SINGAPORE: Chicago soybean futures were largely unchanged on Thursday, with the market holding on to last three sessions of gains as dry weather in Argentina underpinned prices.
Wheat fell after closing around 1.5% higher on Wednesday on support from cold weather across North America which is threatening the winter crop.
“Argentina’s bottom line remains one of concern over poorly distributed rainfall,” said one agricultural analyst.
“The rain expected this weekend into Monday will be extremely important and producers may advance with planting to take advantage of the moisture boost, while noting the lateness of the planting season. Opportunities to plant crops will begin to run out in the middle part of January.”
The most-active soybean contract on the Chicago Board of Trade (CBOT) unmoved at $15.14-1/4 a bushel, as of 0331 GMT, wheat gave up 0.1% to $7.84-3/4 a bushel and corn fell 0.4% to $6.80 a bushel.
Soybean futures continue to find support from South American weather with a lack of rainfall in key growing areas of Argentina threatening the crop.

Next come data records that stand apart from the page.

lemma band_potential_step:
  assumes "cup_step_at l n k' f g" "0 < s" "finite S" "\<forall>i<n. j * l \<le> f i \<longrightarrow> i \<in> S"
  shows "height_potential l S s (band_height l j g)
    \<le> height_potential l S s (band_height l j f) + s * of_bool (j * l \<le> k' \<and> k' < Suc j * l)"
proof (cases "j * l \<le> k' \<and> k' < Suc j * l")
  case True
  then obtain U D where UD: "U \<subseteq> {i. i < n \<and> f i = k'}" "D \<subseteq> {i. i < n \<and> f i = k'}"
      "U \<inter> D = {}" "card U = card D"
    and moved: "band_height l j g = move_heights U D (k' - j * l) (band_height l j f)"
    by (auto elim: band_height_step_in_band[OF assms(1)])
  have "U \<subseteq> S" "D \<subseteq> S"
    using UD(1,2) assms(4) True by auto
  moreover have "\<forall>a \<in> U \<union> D. band_height l j f a = k' - j * l"
    using UD(1,2) True by (auto simp: band_height_def)
  moreover have "k' - j * l < l"
    using True by (simp add: less_diff_conv2)
  ultimately show ?thesis
    unfolding moved using height_potential_move[OF assms(3) _ _ UD(3,4) _ _ assms(2)] True by simp
next
  case False
  then show ?thesis
    using band_height_step_off_band[OF assms(1) False] False by auto
qed

lemma band_potential_play:
  fixes j :: nat
  assumes "cup_play l n T fs" "\<forall>t<T. cup_step_at l n (K t) (fs t) (fs (Suc t))" "0 < s" "t \<le> T"
  defines "S \<equiv> {i. i < n \<and> j * l \<le> fs T i}"
  shows "height_potential l S s (band_height l j (fs t))
    \<le> real l * real (card S) ^ 2 / (2 * s) + s * (\<Sum>t'<t. of_bool (j * l \<le> K t' \<and> K t' < Suc j * l))"
  using assms(4)
proof (induction t)
  case 0
  have "band_height l j (fs 0) = (\<lambda>_. 0)"
    using assms(1) by (simp add: cup_play_def band_height_def fun_eq_iff)
  then show ?case
    by (simp add: height_potential_def height_count_def)
next
  case (Suc t)
  have "\<forall>i<n. j * l \<le> fs t i \<longrightarrow> i \<in> S"
    unfolding S_def using cup_play_multiple_le[OF assms(1), of t T j] Suc.prems by simp
  moreover have "cup_step_at l n (K t) (fs t) (fs (Suc t))"
    using assms(2) Suc.prems by simp
  ultimately have "height_potential l S s (band_height l j (fs (Suc t)))
      \<le> height_potential l S s (band_height l j (fs t)) + s * of_bool (j * l \<le> K t \<and> K t < Suc j * l)"
    using band_potential_step assms(3) unfolding S_def by simp
  then show ?case
    using Suc by (simp add: algebra_simps)
qed

lemma of_nat_times_pred_nonneg: "0 \<le> real v * (real v - 1)"
  by (cases v) auto

lemma band_inequality:
  assumes "cup_play l n T fs" "\<forall>t<T. cup_step_at l n (K t) (fs t) (fs (Suc t))" "0 < s"
  defines "A \<equiv> \<lambda>j. real (card {i. i < n \<and> j * l \<le> fs T i})"
  shows "A (Suc j) * real l ^ 2
    \<le> A j * real l + real l * A j ^ 2 / (2 * s) + s * (\<Sum>t<T. of_bool (j * l \<le> K t \<and> K t < Suc j * l))"
proof -
  define S where "S = {i. i < n \<and> j * l \<le> fs T i}"
  define S' where "S' = {i. i < n \<and> Suc j * l \<le> fs T i}"
  let ?x = "band_height l j (fs T)"
  have "S' \<subseteq> S" "finite S"
    unfolding S_def S'_def by auto
  have "A (Suc j) * real l ^ 2 - A j * real l \<le> (\<Sum>a\<in>S'. real l * (real l - 1))"
    using card_mono[OF \<open>finite S\<close> \<open>S' \<subseteq> S\<close>] unfolding A_def S_def[symmetric] S'_def[symmetric]
    by (simp add: power2_eq_square algebra_simps mult_left_mono)
  also have "\<dots> = (\<Sum>a\<in>S'. real (?x a) * (real (?x a) - 1))"
    unfolding S'_def by (intro sum.cong) (auto simp: band_height_def)
  also have "\<dots> \<le> (\<Sum>a\<in>S. real (?x a) * (real (?x a) - 1))"
    using \<open>finite S\<close> \<open>S' \<subseteq> S\<close> by (intro sum_mono2) (auto simp: of_nat_times_pred_nonneg)
  also have "\<dots> \<le> height_potential l S s ?x"
    unfolding height_potential_def using assms(3) by (simp add: sum_nonneg)
  also have "\<dots> \<le> real l * A j ^ 2 / (2 * s) + s * (\<Sum>t<T. of_bool (j * l \<le> K t \<and> K t < Suc j * l))"
    using band_potential_play[OF assms(1-3) order_refl] unfolding A_def S_def by simp
  finally show ?thesis
    by simp
qed

lemma band_growth_bound:
  fixes a a' r L \<rho> :: real
  assumes "0 \<le> a" "a' \<le> a" "0 < \<rho>" "2 \<le> \<rho> * L" "0 \<le> r"
    and bound: "\<And>s. 0 < s \<Longrightarrow> a' * L\<^sup>2 \<le> a * L + L * a\<^sup>2 / (2 * s) + s * r"
  shows "a' \<le> a * \<rho> * exp (r / (\<rho>\<^sup>2 * L ^ 3))"
proof (cases "a = 0")
  case True
  then show ?thesis
    using assms(2) by simp
next
  case False
  define E where "E = \<rho>\<^sup>2 * L ^ 3"
  have "0 < L"
    using assms(3,4) zero_less_mult_pos[of \<rho> L] by linarith
  have "0 < a"
    using assms(1) False by simp
  define s where "s = a / (\<rho> * L)"
  have "0 < s"
    unfolding s_def using \<open>0 < a\<close> \<open>0 < L\<close> assms(3) by simp
  have "L * a\<^sup>2 / (2 * s) = a * \<rho> * L\<^sup>2 / 2" "s * r = a * \<rho> * L\<^sup>2 * (r / E)"
    unfolding s_def E_def using \<open>0 < a\<close> \<open>0 < L\<close> assms(3)
    by (simp_all add: field_simps power2_eq_square power3_eq_cube)
  moreover have "a * L * 2 \<le> a * L * (\<rho> * L)"
    using assms(4) \<open>0 < a\<close> \<open>0 < L\<close> by (intro mult_left_mono) auto
  ultimately have "a' * L\<^sup>2 \<le> (a * \<rho> * (1 + r / E)) * L\<^sup>2"
    using bound[OF \<open>0 < s\<close>] by (simp add: power2_eq_square algebra_simps)
  then have "a' \<le> a * \<rho> * (1 + r / E)"
    using \<open>0 < L\<close> by simp
  also have "\<dots> \<le> a * \<rho> * exp (r / E)"
    using \<open>0 < a\<close> assms(3) exp_ge_add_one_self[of "r / E"] by (intro mult_left_mono) auto
  finally show ?thesis
    unfolding E_def .
qed

lemma sum_of_bool_bands_le_1: "(\<Sum>j<h. of_bool (j * l \<le> k \<and> k < Suc j * l) :: real) \<le> 1"
proof -
  have "k div l = j" if "j * l \<le> k" "k < Suc j * l" for j
    using div_nat_eqI[of l j k] that by (simp add: mult.commute)
  then have "{..<h} \<inter> {j. j * l \<le> k \<and> k < Suc j * l} \<subseteq> {k div l}"
    by auto
  then have "card ({..<h} \<inter> {j. j * l \<le> k \<and> k < Suc j * l}) \<le> 1"
    using card_mono[of "{k div l}"] by fastforce
  then show ?thesis
    by simp
qed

The dismantling of health restrictions in China has extended to food imports, as checks have been lifted on imported chilled and frozen foods, beginning Jan. 8.
Imported soybean: Federal govt approves release of 9 consignments
However, there is caution in global markets about the short-term impact of China’s COVID policy shift, with a surge in infections straining hospitals and prompting some countries to consider new rules for Chinese visitors.
Wheat has rallied in recent sessions as extreme cold weather gripped the United States, threatening to hurt winter wheat crops already weakened by drought.
Argentina’s farmers have sold 78.9% of the 2021/2022 soybean harvest so far, the agriculture ministry said on Wednesday, as producers continue to benefit from a preferential exchange rate aimed at attracting sorely needed US dollars.
Wheat prices faced pressure as Russia-focused agriculture consultancy Sovecon raised its forecast for Russia’s 2022/23 wheat crop estimate to 101.2 million tonnes, up from the previous estimate of 100.9 million tonnes.
Commodity funds were net buyers of CBOT soybean, soymeal, corn and wheat futures contracts on Wednesday and net sellers of CBOT soyoil contracts, traders said.